Return, from the data that follows, each line that holds the word "variables".

── Material for this task

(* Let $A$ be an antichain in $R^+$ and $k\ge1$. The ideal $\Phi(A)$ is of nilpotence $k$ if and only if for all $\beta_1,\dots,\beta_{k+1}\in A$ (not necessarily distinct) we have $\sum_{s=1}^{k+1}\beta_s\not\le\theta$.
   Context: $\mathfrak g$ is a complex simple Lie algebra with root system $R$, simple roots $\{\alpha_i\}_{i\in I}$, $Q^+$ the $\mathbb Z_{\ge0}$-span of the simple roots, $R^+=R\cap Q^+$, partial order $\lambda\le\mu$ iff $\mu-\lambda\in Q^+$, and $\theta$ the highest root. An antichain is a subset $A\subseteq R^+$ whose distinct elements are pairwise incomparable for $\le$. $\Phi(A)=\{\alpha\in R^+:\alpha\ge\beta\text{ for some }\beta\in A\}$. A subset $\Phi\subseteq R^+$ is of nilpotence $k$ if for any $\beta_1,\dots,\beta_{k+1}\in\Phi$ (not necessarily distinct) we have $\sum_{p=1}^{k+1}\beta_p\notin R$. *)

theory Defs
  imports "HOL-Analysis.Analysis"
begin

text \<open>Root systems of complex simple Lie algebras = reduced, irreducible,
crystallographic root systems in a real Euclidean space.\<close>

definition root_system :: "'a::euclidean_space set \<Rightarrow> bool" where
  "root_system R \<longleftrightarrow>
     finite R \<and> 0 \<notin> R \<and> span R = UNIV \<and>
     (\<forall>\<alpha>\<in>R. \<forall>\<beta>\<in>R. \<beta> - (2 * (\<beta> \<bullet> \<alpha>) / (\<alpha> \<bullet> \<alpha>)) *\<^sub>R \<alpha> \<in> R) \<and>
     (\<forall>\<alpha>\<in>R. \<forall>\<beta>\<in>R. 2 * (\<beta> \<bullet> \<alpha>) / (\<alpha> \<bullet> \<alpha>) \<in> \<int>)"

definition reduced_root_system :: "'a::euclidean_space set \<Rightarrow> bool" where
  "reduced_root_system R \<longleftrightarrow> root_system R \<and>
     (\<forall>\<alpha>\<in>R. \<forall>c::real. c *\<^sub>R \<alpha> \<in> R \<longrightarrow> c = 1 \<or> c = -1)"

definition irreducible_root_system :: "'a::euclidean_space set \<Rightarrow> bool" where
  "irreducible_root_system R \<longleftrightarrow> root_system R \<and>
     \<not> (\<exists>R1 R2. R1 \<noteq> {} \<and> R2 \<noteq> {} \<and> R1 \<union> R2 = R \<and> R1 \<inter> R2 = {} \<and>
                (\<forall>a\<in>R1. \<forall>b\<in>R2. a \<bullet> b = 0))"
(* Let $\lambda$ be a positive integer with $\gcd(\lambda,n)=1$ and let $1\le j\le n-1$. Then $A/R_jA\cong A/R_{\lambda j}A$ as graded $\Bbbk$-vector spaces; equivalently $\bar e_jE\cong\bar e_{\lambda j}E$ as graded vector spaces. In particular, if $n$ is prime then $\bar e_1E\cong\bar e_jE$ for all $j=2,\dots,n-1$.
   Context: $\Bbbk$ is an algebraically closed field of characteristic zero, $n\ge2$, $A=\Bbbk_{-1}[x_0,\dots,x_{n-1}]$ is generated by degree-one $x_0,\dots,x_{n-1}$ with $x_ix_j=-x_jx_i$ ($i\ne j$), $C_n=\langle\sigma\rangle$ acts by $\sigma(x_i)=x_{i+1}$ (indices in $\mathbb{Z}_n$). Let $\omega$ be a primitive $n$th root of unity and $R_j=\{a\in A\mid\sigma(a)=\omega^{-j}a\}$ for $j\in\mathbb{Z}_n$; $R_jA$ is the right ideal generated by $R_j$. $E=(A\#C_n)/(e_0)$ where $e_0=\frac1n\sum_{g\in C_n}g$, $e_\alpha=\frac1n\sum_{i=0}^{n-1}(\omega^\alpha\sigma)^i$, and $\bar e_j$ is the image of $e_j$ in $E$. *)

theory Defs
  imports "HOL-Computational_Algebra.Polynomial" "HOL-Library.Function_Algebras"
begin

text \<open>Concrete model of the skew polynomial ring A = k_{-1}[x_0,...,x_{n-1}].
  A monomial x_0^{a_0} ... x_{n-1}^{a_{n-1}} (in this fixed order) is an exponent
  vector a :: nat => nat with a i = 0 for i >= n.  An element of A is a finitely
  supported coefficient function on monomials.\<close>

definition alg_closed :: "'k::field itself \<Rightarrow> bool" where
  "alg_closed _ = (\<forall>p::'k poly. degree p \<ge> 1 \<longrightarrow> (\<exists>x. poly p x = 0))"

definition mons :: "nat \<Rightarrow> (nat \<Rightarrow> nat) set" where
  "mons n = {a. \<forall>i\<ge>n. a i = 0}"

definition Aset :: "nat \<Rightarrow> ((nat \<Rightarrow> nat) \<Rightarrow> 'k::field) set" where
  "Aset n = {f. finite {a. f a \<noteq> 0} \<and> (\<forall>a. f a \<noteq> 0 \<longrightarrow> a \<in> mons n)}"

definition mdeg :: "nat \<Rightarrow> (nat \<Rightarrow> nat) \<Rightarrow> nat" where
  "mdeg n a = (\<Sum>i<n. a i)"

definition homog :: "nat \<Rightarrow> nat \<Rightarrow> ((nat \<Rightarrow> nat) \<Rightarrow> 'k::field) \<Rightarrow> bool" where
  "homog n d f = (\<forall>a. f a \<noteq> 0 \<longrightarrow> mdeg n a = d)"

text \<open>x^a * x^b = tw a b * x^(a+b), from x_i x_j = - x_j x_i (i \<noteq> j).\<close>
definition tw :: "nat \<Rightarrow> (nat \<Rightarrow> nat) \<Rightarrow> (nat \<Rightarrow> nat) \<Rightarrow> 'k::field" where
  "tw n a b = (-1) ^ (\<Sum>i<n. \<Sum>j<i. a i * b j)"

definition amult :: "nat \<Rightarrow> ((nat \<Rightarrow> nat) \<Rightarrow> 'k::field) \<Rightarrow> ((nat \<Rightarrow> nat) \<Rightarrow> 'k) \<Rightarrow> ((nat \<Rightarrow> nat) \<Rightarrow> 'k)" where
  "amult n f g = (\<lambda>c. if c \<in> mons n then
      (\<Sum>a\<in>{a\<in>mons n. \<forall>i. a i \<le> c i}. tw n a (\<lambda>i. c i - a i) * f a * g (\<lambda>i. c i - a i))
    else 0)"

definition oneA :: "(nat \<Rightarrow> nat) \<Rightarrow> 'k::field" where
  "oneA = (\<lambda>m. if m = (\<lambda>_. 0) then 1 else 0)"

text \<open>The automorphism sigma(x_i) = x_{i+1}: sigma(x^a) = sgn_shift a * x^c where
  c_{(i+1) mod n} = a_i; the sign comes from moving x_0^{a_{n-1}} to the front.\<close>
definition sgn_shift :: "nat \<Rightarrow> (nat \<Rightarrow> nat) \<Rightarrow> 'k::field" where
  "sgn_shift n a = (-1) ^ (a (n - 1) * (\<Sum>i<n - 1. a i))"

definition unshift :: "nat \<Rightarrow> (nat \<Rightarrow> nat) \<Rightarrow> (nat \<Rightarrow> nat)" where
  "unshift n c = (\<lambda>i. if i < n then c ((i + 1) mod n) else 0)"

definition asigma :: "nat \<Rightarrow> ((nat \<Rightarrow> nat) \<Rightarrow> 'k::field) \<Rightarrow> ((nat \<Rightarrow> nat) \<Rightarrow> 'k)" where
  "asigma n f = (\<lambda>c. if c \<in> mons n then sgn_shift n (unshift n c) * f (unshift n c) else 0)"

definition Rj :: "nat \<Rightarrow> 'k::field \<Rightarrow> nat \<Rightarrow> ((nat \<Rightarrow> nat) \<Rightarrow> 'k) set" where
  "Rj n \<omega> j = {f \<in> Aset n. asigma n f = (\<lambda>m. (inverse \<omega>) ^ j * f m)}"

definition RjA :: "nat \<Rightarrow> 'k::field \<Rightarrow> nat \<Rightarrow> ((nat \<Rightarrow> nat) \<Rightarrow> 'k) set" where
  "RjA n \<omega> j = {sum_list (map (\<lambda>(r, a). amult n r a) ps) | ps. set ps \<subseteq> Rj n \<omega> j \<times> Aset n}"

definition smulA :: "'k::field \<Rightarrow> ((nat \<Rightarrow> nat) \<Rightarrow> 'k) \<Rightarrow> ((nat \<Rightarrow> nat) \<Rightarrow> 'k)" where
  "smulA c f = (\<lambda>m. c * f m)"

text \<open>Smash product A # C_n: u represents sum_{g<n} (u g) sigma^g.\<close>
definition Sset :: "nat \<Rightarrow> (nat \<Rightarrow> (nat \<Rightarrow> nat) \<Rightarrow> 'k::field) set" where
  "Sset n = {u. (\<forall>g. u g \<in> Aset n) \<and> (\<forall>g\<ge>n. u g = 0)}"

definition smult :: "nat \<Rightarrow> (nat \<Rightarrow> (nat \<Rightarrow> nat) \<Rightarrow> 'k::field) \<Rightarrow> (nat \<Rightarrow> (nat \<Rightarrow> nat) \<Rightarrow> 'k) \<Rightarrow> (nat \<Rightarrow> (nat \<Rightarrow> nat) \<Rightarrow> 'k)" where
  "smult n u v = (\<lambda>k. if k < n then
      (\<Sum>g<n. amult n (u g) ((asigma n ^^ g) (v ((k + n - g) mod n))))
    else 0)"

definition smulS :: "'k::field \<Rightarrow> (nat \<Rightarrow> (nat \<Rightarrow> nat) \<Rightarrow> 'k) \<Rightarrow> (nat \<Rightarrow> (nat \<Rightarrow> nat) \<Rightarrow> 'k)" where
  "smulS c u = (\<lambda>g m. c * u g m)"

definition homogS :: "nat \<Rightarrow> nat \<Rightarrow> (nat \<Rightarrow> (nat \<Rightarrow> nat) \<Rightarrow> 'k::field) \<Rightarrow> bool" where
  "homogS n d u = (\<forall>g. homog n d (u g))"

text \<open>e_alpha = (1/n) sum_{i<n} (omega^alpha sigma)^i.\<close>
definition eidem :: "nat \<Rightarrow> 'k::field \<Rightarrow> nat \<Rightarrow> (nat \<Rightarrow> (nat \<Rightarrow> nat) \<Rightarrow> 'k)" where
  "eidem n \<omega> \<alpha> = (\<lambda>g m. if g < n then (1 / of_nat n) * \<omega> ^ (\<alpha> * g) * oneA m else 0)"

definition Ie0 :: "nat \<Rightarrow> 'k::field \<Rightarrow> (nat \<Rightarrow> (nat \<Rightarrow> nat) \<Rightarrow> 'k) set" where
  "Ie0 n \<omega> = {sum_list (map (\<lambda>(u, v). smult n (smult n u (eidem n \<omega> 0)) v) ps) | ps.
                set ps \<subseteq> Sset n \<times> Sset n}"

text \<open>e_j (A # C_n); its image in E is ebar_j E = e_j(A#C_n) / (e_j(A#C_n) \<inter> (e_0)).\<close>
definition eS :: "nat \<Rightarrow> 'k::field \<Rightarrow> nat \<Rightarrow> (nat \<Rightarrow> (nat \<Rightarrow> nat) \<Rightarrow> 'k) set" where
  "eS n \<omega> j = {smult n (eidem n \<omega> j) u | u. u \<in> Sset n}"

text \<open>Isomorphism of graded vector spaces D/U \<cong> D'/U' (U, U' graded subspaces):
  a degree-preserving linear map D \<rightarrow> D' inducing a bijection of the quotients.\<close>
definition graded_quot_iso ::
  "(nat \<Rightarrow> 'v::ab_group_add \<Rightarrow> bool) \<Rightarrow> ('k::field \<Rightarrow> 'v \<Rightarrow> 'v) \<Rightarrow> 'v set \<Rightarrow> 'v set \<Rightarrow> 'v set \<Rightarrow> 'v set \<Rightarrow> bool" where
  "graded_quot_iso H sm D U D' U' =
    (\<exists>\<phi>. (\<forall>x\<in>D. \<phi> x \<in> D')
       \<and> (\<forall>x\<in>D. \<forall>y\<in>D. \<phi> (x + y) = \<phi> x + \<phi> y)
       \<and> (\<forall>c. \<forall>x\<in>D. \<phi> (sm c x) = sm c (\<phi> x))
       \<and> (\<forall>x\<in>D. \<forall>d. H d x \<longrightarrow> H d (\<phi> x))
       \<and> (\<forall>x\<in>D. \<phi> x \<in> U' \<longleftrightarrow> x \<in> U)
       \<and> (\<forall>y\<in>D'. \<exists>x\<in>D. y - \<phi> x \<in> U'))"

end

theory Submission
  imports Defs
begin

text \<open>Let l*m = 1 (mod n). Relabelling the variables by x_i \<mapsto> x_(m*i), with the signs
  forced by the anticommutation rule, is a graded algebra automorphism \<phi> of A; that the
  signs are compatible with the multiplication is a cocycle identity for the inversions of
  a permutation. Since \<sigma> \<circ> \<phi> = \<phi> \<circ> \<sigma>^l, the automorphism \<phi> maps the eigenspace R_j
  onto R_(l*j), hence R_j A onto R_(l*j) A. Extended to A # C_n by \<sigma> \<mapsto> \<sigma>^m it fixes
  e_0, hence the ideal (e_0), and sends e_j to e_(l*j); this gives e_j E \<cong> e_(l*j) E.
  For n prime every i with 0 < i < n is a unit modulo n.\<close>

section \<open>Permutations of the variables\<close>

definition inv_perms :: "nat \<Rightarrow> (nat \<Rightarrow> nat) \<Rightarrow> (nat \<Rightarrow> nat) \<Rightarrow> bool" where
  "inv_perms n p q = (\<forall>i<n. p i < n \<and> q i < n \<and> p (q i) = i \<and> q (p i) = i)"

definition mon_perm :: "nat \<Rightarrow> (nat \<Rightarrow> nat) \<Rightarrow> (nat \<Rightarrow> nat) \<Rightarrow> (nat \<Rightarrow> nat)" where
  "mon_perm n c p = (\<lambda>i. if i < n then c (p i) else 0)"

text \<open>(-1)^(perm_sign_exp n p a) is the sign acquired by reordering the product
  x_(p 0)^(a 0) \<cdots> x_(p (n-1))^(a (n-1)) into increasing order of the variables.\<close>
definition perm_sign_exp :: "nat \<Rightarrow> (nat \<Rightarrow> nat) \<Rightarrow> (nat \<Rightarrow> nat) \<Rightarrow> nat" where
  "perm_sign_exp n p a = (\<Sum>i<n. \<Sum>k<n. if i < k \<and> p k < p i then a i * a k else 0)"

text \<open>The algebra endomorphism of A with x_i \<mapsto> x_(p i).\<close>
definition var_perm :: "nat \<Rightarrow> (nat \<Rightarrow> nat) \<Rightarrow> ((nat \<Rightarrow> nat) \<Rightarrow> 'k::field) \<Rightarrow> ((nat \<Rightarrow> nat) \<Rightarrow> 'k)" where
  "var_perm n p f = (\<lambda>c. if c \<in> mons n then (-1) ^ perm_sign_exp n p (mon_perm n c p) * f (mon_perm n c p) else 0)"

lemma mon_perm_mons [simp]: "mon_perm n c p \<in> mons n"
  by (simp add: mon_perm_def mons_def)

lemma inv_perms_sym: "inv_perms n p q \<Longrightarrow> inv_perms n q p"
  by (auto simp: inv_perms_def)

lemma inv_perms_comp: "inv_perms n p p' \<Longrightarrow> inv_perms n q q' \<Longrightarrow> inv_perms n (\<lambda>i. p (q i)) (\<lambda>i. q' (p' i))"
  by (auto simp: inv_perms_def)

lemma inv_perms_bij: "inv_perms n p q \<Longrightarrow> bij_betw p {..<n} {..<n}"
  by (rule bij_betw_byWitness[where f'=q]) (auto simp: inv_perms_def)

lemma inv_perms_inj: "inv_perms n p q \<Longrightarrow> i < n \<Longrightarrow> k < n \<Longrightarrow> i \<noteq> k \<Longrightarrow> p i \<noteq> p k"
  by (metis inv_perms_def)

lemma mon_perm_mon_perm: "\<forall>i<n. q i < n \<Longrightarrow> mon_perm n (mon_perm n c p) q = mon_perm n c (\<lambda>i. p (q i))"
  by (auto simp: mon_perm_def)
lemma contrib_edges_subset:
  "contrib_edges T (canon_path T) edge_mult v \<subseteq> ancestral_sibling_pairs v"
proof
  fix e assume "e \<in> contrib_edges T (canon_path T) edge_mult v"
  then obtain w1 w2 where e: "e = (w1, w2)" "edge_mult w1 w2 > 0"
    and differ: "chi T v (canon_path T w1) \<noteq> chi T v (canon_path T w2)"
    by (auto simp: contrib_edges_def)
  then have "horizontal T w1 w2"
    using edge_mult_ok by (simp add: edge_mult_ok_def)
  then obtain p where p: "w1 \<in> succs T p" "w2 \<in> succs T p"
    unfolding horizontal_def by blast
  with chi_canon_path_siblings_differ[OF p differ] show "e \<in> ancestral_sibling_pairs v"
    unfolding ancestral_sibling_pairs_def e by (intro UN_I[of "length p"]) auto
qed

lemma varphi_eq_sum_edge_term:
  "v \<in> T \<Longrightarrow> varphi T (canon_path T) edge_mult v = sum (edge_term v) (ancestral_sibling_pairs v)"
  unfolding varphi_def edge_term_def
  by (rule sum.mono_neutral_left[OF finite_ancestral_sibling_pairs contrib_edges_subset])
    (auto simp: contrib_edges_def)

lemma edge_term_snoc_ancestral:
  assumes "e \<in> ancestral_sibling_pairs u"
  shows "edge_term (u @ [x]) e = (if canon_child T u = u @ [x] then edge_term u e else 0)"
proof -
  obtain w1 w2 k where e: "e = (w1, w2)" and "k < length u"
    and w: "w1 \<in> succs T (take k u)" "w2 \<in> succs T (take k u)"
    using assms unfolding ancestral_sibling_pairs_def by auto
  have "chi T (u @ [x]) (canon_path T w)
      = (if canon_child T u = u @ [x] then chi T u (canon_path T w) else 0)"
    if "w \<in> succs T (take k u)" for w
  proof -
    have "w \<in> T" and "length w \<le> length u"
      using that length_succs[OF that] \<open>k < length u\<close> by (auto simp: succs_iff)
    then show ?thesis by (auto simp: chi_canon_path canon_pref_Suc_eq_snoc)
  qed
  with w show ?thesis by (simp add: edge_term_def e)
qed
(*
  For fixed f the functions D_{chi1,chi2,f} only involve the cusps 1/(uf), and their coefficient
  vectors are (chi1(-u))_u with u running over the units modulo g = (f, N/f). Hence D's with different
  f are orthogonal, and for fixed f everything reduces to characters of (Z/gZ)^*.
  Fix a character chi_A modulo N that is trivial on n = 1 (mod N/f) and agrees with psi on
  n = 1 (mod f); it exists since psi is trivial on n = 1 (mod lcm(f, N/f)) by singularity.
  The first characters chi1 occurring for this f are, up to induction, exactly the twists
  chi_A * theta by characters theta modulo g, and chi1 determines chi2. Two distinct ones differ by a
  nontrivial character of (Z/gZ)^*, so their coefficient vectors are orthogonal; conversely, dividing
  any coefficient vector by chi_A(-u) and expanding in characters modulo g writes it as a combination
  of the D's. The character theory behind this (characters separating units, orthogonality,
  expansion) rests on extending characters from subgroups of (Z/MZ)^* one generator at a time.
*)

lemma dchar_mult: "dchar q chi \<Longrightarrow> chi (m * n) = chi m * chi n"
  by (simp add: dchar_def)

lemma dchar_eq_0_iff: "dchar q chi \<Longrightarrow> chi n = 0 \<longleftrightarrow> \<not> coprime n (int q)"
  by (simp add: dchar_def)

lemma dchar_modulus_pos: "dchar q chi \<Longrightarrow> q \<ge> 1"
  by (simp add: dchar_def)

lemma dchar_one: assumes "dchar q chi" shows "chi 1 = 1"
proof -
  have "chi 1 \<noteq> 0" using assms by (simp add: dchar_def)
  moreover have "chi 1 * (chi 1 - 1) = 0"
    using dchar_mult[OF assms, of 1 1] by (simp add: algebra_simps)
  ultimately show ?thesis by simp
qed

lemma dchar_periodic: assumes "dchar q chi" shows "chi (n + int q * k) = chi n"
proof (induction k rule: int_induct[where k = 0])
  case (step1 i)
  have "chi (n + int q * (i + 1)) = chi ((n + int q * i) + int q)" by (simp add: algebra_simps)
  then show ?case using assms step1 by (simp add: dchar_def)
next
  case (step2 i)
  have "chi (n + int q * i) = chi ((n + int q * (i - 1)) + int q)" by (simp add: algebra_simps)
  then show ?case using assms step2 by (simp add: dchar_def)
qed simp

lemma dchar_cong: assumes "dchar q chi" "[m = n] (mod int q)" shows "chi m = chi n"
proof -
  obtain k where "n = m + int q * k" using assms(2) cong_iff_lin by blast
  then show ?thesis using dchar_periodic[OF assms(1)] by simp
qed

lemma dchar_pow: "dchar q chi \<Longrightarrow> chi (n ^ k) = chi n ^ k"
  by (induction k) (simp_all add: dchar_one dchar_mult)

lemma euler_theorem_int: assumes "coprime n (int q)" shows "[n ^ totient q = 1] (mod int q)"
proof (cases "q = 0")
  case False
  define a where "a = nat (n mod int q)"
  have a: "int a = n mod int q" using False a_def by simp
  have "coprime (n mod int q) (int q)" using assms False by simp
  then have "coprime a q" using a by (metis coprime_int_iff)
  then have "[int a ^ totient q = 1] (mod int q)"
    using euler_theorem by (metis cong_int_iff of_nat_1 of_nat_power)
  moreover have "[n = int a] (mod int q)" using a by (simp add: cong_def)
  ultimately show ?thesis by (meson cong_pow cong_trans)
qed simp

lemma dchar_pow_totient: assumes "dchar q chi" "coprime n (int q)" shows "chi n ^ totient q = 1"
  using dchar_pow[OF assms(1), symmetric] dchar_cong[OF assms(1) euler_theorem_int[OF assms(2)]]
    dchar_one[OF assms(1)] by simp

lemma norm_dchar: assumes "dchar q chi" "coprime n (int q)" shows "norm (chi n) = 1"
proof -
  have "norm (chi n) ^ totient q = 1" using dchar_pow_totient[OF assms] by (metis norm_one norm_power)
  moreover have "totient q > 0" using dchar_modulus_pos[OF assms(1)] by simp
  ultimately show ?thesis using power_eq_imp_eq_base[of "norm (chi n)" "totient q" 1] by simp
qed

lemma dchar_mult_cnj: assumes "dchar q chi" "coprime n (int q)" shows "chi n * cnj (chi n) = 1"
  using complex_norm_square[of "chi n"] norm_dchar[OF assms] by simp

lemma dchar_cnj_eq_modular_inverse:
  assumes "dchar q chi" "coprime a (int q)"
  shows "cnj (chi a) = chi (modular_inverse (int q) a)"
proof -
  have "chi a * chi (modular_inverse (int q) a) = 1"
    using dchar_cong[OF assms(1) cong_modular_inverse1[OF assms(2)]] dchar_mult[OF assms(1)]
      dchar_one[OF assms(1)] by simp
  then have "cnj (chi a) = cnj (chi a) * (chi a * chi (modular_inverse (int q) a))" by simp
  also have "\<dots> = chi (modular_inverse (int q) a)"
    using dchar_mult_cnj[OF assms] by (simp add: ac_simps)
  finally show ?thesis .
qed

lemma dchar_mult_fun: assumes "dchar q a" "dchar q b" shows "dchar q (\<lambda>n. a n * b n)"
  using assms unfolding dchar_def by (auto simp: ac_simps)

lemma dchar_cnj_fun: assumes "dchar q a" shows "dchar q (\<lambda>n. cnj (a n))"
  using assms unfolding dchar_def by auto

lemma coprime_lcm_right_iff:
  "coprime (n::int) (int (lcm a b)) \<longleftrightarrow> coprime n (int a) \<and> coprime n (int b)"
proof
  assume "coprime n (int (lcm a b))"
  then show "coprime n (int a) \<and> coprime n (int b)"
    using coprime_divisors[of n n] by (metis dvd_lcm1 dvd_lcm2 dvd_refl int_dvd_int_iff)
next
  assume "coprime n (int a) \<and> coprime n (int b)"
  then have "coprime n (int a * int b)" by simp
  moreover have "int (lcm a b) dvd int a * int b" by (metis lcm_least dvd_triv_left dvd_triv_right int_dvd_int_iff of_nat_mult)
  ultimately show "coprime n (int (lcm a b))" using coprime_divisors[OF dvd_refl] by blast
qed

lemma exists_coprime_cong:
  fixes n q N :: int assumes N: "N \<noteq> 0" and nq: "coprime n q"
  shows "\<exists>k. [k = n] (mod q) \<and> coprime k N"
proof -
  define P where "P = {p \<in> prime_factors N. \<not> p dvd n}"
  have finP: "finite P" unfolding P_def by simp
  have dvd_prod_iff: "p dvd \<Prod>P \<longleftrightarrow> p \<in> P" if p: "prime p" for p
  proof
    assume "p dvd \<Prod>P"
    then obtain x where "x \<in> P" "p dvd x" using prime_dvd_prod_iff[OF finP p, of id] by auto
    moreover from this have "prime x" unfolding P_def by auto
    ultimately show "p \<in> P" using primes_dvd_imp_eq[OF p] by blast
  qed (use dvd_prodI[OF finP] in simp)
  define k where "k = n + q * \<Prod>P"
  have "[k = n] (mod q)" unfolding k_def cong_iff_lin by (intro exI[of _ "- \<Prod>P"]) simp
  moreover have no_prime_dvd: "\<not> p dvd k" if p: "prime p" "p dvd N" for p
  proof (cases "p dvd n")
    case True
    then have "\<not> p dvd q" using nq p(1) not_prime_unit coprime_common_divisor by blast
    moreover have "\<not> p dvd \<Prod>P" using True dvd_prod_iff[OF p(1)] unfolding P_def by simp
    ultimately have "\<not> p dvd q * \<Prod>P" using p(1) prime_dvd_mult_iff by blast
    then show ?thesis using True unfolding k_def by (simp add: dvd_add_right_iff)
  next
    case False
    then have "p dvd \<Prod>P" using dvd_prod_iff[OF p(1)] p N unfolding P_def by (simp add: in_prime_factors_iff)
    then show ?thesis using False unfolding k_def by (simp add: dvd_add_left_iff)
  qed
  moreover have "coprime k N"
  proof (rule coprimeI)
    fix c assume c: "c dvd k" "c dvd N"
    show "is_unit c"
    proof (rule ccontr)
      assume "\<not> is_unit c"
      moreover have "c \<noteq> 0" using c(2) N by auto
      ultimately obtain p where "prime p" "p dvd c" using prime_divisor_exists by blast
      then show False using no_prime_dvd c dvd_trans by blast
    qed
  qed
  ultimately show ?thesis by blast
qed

────

▸ Solution for this task
text \<open>Let l*m = 1 (mod n). Relabelling the variables by x_i \<mapsto> x_(m*i), with the signs
section \<open>Permutations of the variables\<close>
  x_(p 0)^(a 0) \<cdots> x_(p (n-1))^(a (n-1)) into increasing order of the variables.\<close>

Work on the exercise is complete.